_Stored data:_
[Start of Attachment]

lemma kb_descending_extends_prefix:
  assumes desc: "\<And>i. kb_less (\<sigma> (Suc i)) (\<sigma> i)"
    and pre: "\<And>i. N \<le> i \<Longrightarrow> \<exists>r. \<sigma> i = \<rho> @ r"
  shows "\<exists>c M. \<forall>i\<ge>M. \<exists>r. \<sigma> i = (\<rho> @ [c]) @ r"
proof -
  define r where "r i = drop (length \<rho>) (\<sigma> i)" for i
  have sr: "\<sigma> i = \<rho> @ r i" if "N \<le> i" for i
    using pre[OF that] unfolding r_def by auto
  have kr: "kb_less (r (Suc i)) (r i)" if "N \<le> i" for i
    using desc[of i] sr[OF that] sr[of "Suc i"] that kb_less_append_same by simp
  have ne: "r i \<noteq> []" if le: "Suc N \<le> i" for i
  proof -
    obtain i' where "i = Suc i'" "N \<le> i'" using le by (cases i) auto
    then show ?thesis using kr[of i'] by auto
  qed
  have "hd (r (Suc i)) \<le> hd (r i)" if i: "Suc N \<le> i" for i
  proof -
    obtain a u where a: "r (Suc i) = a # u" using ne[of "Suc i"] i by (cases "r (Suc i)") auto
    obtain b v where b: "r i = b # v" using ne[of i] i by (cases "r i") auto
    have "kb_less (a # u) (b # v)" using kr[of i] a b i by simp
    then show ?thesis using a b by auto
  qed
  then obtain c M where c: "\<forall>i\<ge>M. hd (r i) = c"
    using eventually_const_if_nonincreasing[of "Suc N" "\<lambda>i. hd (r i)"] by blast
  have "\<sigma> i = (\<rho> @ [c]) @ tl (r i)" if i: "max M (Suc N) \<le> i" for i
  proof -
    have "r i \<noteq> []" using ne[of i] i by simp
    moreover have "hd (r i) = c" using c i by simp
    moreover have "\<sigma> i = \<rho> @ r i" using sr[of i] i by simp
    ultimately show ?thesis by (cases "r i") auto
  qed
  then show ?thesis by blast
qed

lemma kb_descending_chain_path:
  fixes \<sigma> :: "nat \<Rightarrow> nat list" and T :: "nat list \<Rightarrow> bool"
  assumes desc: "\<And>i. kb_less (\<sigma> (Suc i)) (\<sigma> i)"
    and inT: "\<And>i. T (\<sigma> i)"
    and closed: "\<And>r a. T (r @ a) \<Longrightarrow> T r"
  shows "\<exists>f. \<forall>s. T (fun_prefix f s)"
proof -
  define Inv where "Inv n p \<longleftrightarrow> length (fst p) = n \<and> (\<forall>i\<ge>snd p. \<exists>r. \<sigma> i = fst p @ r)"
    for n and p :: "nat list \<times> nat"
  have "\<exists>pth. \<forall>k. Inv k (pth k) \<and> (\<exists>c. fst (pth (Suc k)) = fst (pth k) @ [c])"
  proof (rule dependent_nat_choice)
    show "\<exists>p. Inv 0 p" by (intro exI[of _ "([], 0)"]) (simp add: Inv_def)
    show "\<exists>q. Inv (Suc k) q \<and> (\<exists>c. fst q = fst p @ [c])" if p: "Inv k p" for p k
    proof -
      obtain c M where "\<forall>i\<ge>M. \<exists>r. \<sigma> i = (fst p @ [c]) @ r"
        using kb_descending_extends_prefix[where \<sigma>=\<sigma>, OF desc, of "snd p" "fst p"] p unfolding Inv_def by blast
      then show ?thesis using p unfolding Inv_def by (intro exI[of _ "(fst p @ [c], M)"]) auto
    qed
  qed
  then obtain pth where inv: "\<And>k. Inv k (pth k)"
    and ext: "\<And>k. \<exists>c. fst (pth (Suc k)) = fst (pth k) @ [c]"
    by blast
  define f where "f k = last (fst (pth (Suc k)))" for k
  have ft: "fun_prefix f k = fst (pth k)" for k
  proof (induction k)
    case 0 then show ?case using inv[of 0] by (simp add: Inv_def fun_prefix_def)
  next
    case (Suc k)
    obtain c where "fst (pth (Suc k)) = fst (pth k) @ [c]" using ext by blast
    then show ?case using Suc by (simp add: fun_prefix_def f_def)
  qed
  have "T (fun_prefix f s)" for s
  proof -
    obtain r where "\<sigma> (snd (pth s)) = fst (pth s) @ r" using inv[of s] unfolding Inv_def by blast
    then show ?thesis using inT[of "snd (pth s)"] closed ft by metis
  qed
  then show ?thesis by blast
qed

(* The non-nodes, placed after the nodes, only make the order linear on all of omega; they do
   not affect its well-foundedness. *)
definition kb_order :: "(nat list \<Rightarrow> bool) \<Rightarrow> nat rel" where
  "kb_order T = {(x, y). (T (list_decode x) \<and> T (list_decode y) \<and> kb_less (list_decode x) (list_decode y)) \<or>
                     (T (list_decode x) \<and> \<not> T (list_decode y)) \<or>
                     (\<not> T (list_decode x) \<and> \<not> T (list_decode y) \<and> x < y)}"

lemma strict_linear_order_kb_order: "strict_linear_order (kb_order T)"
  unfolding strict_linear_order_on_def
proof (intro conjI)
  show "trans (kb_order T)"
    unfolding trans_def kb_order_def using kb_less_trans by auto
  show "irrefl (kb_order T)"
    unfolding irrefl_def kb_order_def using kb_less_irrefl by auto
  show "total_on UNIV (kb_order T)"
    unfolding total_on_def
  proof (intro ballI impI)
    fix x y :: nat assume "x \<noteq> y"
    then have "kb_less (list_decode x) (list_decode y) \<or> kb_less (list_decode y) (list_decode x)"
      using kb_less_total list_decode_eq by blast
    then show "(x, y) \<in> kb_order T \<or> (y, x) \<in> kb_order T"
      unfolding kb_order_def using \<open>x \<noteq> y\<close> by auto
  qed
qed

[End of Attachment]
[Start of Attachment]

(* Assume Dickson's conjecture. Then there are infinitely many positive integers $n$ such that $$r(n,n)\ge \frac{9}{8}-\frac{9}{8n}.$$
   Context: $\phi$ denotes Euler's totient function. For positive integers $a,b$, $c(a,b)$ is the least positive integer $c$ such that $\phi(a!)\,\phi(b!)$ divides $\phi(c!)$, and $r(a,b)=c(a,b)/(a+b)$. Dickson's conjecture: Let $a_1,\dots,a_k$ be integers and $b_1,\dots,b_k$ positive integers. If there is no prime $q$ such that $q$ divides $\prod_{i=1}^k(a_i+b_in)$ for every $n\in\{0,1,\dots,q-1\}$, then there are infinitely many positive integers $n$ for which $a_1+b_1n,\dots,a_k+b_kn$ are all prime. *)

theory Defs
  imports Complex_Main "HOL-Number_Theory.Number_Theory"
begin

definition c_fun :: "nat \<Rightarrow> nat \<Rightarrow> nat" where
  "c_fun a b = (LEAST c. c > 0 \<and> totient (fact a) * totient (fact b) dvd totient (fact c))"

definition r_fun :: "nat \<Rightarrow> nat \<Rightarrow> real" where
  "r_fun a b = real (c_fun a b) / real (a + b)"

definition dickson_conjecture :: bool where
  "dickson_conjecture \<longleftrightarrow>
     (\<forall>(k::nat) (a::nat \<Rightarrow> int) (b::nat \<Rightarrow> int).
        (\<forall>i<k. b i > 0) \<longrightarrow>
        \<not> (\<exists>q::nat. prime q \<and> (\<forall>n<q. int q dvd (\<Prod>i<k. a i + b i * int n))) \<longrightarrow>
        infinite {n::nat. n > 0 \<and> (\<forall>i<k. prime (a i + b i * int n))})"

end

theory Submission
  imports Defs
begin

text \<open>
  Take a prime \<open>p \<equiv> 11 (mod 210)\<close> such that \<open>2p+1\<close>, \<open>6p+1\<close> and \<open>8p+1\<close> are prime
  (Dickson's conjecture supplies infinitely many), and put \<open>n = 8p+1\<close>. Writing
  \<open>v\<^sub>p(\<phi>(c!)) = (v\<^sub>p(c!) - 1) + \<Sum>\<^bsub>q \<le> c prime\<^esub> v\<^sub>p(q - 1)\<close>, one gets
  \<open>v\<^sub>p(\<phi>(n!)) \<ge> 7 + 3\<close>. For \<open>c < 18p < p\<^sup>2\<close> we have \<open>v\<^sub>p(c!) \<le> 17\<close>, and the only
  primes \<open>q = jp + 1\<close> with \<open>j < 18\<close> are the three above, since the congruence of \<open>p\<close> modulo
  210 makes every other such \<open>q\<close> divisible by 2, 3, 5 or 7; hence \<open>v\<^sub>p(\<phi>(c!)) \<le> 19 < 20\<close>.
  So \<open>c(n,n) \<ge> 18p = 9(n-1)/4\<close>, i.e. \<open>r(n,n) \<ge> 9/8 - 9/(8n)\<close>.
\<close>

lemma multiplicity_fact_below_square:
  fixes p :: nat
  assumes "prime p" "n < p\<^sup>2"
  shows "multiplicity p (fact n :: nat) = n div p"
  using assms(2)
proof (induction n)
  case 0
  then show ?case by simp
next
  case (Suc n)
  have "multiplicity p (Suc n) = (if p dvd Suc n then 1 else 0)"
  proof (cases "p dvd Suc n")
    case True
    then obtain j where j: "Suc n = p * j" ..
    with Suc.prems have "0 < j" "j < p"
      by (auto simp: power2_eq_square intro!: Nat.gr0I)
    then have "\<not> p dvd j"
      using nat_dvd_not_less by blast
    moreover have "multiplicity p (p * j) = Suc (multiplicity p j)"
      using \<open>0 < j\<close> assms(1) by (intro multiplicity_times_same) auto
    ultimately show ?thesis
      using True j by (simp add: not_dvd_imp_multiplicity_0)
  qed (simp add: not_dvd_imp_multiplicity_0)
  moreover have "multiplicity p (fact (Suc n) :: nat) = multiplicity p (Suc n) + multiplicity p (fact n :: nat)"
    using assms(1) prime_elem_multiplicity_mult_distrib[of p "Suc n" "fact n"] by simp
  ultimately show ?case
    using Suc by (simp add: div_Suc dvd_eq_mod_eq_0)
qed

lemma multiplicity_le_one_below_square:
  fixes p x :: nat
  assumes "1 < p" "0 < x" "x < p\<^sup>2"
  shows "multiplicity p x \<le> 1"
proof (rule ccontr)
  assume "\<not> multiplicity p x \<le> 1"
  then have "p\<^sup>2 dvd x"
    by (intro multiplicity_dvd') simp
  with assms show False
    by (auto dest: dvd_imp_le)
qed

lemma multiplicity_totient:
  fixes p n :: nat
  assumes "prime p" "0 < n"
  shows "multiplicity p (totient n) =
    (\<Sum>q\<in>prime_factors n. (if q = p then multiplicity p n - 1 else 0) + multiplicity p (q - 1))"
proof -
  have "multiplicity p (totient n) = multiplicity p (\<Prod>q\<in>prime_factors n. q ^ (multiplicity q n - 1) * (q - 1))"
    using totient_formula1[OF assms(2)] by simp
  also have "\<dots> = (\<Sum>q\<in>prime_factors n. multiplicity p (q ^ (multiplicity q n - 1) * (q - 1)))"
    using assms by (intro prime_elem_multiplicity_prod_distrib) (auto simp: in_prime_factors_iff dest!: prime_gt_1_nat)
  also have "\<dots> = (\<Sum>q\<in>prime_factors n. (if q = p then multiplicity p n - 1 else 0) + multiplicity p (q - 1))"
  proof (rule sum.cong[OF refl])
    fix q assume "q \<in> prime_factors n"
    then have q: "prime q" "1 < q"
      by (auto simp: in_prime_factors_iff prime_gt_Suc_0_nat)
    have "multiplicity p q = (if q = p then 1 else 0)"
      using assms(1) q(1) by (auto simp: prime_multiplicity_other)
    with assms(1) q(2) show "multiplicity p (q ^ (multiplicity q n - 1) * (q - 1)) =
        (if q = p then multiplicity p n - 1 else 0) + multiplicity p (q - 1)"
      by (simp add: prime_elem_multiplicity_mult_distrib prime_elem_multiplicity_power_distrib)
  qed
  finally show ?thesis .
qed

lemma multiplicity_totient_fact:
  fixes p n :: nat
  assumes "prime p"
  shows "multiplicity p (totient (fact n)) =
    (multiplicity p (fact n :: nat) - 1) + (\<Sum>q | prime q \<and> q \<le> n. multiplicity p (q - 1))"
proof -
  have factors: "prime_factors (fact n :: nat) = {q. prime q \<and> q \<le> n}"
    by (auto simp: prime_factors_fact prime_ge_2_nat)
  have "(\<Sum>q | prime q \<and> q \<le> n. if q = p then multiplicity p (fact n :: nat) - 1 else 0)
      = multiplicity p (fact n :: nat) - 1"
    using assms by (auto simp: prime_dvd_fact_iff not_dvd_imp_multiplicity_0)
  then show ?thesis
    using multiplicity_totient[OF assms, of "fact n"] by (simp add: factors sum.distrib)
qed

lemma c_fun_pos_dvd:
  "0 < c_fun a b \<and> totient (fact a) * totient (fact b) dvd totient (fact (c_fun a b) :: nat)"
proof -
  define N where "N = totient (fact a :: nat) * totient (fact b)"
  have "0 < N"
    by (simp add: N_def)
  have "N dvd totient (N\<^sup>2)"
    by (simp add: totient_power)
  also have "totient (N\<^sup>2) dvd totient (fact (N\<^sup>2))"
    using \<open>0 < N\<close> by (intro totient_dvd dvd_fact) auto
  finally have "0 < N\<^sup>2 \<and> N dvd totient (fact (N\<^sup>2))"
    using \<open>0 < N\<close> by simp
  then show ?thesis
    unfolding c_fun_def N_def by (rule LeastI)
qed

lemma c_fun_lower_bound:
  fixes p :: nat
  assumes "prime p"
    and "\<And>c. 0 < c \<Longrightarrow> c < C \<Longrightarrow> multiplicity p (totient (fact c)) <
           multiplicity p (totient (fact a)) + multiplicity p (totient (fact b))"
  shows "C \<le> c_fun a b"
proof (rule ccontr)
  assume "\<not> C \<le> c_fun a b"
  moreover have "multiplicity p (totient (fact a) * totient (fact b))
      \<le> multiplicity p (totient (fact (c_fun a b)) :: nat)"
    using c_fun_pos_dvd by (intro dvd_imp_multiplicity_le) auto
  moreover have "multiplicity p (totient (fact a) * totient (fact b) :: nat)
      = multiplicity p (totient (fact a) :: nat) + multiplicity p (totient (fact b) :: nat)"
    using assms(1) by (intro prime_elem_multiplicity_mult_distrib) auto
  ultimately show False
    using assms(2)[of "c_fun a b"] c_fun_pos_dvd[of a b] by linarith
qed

[End of Attachment]

If a line in the records contains the word "open", copy it.

_TASK OUTPUT:_
      unfolding kb_order_def using \<open>x \<noteq> y\<close> by auto
text \<open>
  Take a prime \<open>p \<equiv> 11 (mod 210)\<close> such that \<open>2p+1\<close>, \<open>6p+1\<close> and \<open>8p+1\<close> are prime
  (Dickson's conjecture supplies infinitely many), and put \<open>n = 8p+1\<close>. Writing
  \<open>v\<^sub>p(\<phi>(c!)) = (v\<^sub>p(c!) - 1) + \<Sum>\<^bsub>q \<le> c prime\<^esub> v\<^sub>p(q - 1)\<close>, one gets
  \<open>v\<^sub>p(\<phi>(n!)) \<ge> 7 + 3\<close>. For \<open>c < 18p < p\<^sup>2\<close> we have \<open>v\<^sub>p(c!) \<le> 17\<close>, and the only
  primes \<open>q = jp + 1\<close> with \<open>j < 18\<close> are the three above, since the congruence of \<open>p\<close> modulo
  210 makes every other such \<open>q\<close> divisible by 2, 3, 5 or 7; hence \<open>v\<^sub>p(\<phi>(c!)) \<le> 19 < 20\<close>.
  So \<open>c(n,n) \<ge> 18p = 9(n-1)/4\<close>, i.e. \<open>r(n,n) \<ge> 9/8 - 9/(8n)\<close>.
      using \<open>0 < j\<close> assms(1) by (intro multiplicity_times_same) auto
    using \<open>0 < N\<close> by (intro totient_dvd dvd_fact) auto
    using \<open>0 < N\<close> by simp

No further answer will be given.